### THE PROBLEM
Read through the listing below, and copy every line where the string "CARD" appears.

+++ INFORMATION GIVEN

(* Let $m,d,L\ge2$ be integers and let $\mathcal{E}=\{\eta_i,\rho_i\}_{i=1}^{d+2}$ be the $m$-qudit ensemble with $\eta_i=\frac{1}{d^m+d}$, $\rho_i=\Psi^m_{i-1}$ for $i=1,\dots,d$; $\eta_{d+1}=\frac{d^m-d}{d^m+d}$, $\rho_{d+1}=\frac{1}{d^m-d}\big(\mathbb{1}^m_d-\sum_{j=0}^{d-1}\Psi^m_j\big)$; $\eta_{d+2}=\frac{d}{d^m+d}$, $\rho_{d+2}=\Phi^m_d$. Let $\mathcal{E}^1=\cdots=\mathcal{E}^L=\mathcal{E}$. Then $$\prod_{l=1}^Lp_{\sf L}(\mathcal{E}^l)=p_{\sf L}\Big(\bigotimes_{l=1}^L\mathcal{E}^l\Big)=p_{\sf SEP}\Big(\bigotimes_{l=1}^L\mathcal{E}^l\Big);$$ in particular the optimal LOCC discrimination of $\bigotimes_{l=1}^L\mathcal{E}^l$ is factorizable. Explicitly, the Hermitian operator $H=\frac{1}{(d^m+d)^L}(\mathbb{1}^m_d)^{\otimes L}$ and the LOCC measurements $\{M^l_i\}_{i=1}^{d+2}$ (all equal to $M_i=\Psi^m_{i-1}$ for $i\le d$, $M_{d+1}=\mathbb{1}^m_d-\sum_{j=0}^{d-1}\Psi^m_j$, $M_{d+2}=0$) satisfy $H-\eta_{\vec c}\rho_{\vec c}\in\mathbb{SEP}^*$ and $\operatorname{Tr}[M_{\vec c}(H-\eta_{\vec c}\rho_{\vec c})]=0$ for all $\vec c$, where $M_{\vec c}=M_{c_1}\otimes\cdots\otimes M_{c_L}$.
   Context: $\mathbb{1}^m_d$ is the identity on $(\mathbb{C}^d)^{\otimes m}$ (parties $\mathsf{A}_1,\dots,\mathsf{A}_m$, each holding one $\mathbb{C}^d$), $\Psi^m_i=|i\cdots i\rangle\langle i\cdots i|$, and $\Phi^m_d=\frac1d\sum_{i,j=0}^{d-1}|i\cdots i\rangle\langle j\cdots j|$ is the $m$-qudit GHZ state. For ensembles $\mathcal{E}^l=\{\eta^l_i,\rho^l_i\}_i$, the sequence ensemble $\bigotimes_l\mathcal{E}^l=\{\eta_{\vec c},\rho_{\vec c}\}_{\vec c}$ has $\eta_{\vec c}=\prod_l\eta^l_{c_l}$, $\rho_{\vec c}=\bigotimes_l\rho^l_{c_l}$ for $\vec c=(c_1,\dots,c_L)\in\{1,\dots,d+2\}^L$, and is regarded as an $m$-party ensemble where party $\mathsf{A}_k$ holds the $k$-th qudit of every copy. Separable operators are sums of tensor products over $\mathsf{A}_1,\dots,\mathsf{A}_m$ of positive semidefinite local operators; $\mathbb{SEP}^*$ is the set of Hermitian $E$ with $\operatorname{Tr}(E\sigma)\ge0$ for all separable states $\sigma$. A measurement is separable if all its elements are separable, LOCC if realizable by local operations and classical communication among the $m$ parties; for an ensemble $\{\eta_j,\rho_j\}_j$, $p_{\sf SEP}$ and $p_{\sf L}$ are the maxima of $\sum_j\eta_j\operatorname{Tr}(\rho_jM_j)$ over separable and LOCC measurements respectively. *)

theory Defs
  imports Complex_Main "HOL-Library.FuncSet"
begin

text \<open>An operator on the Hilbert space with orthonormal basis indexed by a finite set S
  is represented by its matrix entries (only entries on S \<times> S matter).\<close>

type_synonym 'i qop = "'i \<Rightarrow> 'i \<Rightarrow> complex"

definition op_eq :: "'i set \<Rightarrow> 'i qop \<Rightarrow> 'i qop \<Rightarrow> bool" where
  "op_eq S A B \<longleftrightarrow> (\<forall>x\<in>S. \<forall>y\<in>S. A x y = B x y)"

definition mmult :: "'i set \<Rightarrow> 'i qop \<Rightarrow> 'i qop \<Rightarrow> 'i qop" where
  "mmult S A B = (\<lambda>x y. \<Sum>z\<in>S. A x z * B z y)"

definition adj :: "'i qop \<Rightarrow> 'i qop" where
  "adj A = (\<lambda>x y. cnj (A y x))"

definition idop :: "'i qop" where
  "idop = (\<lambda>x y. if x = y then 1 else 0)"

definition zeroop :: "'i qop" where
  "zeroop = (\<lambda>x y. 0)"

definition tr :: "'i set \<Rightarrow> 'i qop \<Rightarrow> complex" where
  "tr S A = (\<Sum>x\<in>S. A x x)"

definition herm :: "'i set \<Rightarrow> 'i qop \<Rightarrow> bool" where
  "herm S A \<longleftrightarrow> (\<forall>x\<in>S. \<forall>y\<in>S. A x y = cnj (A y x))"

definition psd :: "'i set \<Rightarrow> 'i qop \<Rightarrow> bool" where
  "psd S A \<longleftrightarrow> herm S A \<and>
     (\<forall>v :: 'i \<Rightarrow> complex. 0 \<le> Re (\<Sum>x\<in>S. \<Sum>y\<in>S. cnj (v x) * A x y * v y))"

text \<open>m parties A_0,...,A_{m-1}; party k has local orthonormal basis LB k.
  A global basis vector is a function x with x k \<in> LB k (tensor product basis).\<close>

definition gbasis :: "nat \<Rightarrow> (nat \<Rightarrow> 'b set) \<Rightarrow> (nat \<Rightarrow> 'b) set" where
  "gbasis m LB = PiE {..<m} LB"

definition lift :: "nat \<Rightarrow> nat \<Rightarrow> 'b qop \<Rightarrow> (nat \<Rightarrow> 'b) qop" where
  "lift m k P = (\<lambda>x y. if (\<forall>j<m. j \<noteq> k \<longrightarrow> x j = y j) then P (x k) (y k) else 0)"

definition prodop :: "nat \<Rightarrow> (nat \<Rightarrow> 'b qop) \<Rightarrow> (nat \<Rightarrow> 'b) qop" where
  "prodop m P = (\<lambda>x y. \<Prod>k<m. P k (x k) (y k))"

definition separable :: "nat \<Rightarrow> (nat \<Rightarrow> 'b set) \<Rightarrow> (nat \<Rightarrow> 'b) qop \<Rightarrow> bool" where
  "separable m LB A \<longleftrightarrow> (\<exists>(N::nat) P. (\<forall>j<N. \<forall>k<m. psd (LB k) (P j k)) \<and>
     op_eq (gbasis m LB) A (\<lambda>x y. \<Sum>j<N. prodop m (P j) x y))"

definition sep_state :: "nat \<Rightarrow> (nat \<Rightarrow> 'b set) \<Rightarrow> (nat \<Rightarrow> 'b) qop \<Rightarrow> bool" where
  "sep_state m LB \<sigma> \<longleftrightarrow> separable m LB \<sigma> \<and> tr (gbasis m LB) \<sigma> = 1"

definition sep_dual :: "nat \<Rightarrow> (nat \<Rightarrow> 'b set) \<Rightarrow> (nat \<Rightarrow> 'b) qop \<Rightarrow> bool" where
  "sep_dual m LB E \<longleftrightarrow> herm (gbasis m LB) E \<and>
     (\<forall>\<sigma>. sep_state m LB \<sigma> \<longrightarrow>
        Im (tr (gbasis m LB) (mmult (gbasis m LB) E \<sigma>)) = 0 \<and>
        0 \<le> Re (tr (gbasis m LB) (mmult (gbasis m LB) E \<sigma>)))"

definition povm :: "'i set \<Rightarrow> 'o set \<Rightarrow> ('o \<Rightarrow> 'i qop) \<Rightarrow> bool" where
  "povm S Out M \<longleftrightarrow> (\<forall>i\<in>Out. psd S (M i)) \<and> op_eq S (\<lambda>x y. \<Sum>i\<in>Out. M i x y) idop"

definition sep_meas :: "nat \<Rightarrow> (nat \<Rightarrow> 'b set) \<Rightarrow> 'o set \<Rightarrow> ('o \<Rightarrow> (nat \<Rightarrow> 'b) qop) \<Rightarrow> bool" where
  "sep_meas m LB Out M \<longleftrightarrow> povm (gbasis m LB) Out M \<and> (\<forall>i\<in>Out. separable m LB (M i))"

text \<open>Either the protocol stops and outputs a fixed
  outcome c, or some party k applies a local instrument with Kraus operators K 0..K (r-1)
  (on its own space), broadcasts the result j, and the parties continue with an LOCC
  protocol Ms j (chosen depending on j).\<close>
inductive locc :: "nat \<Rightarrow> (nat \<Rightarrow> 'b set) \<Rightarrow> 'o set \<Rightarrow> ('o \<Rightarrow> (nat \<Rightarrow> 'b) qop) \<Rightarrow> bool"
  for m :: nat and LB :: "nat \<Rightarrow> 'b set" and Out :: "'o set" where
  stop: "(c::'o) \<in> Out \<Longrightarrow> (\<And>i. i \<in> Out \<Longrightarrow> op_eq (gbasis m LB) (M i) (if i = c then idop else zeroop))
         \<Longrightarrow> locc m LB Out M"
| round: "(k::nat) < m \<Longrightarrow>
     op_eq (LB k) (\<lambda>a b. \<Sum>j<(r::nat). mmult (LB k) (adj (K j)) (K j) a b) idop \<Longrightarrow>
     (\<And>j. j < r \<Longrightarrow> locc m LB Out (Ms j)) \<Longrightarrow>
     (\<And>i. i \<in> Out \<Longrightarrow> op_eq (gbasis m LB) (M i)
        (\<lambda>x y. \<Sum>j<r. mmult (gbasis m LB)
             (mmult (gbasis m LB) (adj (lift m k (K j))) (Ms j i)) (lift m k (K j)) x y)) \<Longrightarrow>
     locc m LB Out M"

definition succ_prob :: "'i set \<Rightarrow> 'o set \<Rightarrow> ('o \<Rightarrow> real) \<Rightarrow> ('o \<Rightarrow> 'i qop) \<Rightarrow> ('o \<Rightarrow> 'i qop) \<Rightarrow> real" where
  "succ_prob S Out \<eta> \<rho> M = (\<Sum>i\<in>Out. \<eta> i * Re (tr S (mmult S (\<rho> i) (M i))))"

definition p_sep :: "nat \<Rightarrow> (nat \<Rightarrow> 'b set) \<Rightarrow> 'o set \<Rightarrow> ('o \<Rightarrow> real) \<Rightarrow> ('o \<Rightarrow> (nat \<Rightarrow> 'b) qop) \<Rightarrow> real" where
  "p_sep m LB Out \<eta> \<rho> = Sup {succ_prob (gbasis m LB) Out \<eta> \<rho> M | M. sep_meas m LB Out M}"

++++++
+++ INFORMATION GIVEN

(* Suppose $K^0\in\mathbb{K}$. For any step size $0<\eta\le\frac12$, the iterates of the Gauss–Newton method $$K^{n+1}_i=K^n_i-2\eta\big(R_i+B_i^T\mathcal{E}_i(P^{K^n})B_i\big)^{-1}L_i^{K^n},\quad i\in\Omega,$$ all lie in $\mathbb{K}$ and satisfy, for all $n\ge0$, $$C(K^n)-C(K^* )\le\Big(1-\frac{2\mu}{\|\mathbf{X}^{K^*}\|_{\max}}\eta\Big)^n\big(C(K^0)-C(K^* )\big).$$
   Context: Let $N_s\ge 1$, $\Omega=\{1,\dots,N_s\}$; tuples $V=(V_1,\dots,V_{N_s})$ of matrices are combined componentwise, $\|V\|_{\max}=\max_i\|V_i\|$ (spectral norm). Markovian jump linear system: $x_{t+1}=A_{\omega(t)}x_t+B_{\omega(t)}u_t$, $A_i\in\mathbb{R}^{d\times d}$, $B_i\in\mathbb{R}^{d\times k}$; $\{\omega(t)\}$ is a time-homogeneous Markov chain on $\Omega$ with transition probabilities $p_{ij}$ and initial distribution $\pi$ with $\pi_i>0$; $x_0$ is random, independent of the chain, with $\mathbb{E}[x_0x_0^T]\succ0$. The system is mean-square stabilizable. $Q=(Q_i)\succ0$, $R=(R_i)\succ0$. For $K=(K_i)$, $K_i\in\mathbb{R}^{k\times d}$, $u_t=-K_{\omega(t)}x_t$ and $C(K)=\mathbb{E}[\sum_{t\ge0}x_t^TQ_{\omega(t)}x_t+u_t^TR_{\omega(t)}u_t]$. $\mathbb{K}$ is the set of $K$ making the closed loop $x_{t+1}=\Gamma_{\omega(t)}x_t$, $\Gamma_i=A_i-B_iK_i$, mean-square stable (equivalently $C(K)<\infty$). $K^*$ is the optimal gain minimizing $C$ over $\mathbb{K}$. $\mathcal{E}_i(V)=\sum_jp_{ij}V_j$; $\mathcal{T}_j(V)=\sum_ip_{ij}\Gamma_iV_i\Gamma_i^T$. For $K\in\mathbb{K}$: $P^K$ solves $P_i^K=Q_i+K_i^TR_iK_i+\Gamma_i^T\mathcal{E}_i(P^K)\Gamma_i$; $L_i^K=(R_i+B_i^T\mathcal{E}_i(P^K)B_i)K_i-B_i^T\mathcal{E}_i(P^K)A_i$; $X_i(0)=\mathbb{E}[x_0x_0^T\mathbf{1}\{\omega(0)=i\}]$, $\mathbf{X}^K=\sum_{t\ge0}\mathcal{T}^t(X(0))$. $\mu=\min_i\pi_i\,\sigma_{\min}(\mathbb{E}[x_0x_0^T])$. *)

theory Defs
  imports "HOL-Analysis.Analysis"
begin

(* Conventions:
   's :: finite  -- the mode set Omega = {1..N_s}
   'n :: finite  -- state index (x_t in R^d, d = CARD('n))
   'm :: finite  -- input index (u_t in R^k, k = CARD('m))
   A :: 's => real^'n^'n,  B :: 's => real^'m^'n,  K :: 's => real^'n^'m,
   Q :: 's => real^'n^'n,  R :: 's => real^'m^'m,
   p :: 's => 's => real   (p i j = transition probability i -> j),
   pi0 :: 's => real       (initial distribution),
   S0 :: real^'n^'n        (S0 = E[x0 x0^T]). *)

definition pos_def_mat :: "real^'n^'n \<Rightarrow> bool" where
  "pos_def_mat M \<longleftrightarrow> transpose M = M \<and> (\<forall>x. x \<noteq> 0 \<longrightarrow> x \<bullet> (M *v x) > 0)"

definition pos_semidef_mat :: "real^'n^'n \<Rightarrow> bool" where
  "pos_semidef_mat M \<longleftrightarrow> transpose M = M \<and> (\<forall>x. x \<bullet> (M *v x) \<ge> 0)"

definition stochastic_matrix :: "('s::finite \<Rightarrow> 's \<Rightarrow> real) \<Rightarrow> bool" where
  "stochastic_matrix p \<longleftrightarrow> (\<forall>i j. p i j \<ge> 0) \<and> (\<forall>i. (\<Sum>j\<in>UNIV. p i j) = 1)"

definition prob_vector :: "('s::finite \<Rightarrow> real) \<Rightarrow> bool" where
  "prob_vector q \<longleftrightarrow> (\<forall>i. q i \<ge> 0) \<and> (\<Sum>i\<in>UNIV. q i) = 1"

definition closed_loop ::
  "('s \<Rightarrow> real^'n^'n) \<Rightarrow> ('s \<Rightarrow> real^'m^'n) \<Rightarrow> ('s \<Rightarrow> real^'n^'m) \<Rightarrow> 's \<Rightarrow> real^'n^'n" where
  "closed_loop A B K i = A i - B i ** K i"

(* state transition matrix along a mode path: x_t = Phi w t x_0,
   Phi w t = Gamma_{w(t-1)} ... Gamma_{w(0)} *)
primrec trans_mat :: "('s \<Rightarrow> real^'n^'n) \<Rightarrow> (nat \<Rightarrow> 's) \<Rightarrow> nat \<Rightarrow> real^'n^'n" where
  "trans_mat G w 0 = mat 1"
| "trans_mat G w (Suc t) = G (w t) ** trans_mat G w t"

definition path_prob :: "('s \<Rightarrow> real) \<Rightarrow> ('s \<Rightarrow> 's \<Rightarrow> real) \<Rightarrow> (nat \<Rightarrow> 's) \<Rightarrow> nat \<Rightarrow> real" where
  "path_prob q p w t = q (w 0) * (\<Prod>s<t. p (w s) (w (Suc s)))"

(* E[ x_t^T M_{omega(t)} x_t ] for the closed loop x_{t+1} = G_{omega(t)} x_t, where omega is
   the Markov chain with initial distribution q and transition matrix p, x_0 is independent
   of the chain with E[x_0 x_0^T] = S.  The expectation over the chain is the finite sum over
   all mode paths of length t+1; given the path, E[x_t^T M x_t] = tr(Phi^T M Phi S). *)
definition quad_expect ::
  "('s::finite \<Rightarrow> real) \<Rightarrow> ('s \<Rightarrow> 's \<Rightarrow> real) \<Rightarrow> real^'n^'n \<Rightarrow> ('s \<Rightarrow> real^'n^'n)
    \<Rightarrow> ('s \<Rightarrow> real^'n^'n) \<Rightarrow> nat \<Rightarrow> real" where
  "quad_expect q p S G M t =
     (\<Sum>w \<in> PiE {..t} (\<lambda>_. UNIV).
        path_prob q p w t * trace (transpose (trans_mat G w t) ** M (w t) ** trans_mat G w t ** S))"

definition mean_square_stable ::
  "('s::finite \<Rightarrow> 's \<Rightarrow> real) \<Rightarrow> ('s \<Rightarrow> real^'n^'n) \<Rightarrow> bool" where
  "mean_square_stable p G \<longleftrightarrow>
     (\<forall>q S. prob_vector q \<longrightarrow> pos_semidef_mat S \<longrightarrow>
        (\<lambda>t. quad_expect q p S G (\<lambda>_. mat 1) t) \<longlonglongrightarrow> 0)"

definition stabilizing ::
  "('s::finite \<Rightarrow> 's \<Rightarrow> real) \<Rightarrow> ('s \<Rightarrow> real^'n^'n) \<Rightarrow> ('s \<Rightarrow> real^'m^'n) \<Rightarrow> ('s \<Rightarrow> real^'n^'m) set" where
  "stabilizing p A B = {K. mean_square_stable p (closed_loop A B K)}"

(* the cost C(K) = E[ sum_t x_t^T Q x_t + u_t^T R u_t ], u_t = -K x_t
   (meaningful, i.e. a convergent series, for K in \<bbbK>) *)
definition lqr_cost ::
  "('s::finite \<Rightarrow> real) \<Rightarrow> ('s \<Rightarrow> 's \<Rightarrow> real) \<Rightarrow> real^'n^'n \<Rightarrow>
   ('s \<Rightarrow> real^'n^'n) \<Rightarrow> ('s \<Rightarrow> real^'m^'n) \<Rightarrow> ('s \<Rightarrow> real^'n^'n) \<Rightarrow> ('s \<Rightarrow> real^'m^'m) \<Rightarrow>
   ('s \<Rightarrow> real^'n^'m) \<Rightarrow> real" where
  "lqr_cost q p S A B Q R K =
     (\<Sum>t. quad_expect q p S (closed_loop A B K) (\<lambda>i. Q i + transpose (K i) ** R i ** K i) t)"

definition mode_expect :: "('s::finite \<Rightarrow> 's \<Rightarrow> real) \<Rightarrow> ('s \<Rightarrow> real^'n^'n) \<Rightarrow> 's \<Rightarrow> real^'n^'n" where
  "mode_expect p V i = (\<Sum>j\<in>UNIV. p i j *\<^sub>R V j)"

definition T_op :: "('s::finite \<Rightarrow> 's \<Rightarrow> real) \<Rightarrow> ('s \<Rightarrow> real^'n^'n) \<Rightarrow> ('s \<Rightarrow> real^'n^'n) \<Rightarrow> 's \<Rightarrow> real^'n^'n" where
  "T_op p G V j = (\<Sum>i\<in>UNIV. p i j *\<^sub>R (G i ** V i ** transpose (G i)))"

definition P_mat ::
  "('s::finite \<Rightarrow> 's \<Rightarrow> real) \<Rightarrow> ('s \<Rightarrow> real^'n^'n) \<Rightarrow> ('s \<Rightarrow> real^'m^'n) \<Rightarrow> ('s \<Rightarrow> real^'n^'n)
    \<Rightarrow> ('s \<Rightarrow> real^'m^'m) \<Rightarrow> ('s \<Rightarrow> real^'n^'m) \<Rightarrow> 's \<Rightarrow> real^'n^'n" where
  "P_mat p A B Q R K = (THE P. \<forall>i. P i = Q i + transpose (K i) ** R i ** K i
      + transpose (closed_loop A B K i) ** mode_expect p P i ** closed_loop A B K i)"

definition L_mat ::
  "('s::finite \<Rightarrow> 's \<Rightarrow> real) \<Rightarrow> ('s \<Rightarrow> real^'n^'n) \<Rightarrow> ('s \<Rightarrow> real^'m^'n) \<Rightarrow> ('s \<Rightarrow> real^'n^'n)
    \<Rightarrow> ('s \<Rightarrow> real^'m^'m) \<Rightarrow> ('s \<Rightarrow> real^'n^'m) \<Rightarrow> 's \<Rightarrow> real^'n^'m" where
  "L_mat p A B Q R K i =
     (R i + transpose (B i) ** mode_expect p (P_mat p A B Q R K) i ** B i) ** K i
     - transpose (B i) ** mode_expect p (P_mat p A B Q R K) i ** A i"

++++++

### SOLUTION FOR THIS PROBLEM
   'n :: finite  -- state index (x_t in R^d, d = CARD('n))
   'm :: finite  -- input index (u_t in R^k, k = CARD('m))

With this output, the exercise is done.